Dollar hits six-month high as new projects boost employment
Sydney: Australia unexpectedly kept interest rates unchanged as two cuts late last year help the economy weather Europe's debt crisis, sending the nation's currency soaring to a six-month high.
"Much remains to be done to put European sovereigns and banks on a sound footing, but some progress has been made," Reserve Bank Governor Glenn Stevens said in a statement yesterday announcing that the official cash rate target will stay at 4.25 per cent, the highest level among the world's major developed economies.
"Financial market sentiment, though remaining skittish, has generally improved since early December," he said.
Hiring boost
Stevens' first rate decision of the year reflects confidence that the US and Chinese economies will withstand a European recession and domestic unemployment will stay close to 5 per cent as A$456 billion (Dh1.8 trillion) in resource projects boost hiring. He signalled a willingness to lower borrowing costs if conditions warrant an easing of monetary policy.
"The bias is still to cut, that much is clear," said Adam Carr, a senior economist in Sydney at ICAP Australia Ltd, a unit of the world's biggest interdealer broker, who predicted yesterday's decision.
"But they've tied it to a weakening in demand, which is appropriate."
Carr was one of three economists surveyed by Bloomberg News to predict a pause. The other 24 forecast a quarter-percentage-point reduction.
Asian stocks swung between gains and losses. The MSCI Asia Pacific Index rose 0.2 per cent in Tokyo. Australia's S&P/ASX 200 Index slipped 0.5 per cent in Sydney, erasing earlier gains of as much as 0.4 per cent.
Australia's currency strengthened to as much as $1.0811 in Sydney, the highest since August 2, compared with $1.0705 immediately before the decision was announced.
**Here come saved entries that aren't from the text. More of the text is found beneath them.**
(* Let $\mathbb{M}^2$ be a strictly convex normed plane and let $S$ be a set of $n$ points of $\mathbb{M}^2$. For any $\epsilon>0$ there is a point set $S'$ in bijective correspondence with $S$ such that (1) each point of $S'$ is within distance $\epsilon$ (in the norm) of its corresponding point of $S$, and (2) the distances among the points of $S'$ are all distinct.
   Context: $\mathbb{M}^2$ is $\mathbb{R}^2$ with a norm $\|\cdot\|$; it is strictly convex if its unit sphere contains no nondegenerate line segment. *)

theory Defs
  imports "HOL-Analysis.Analysis"
begin

text \<open>A norm on the plane \<open>real^2\<close> (the normed plane \<open>M^2\<close> is \<open>R^2\<close> equipped with
  an arbitrary norm \<open>N\<close>, not necessarily the Euclidean one).\<close>
definition is_norm :: "(real^2 \<Rightarrow> real) \<Rightarrow> bool" where
  "is_norm N \<longleftrightarrow>
     (\<forall>x. 0 \<le> N x) \<and>
     (\<forall>x. N x = 0 \<longleftrightarrow> x = 0) \<and>
     (\<forall>c x. N (c *\<^sub>R x) = \<bar>c\<bar> * N x) \<and>
     (\<forall>x y. N (x + y) \<le> N x + N y)"

definition strictly_convex_norm :: "(real^2 \<Rightarrow> real) \<Rightarrow> bool" where
  "strictly_convex_norm N \<longleftrightarrow>
     \<not> (\<exists>x y. x \<noteq> y \<and> closed_segment x y \<subseteq> {z. N z = 1})"

end

theory Submission
  imports Defs
begin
The Australian dollar, the world's fifth-most traded currency, has increased 5.7 per cent this year.
Interbank cash-rate futures for March were yielding 4.115 per cent, indicating traders expect Stevens to lower rates that month.
Stevens trimmed the nation's benchmark interest rate by a quarter percentage point to 4.5 per cent on November 1 and to 4.25 per cent on December 6 to help revive household demand and hiring.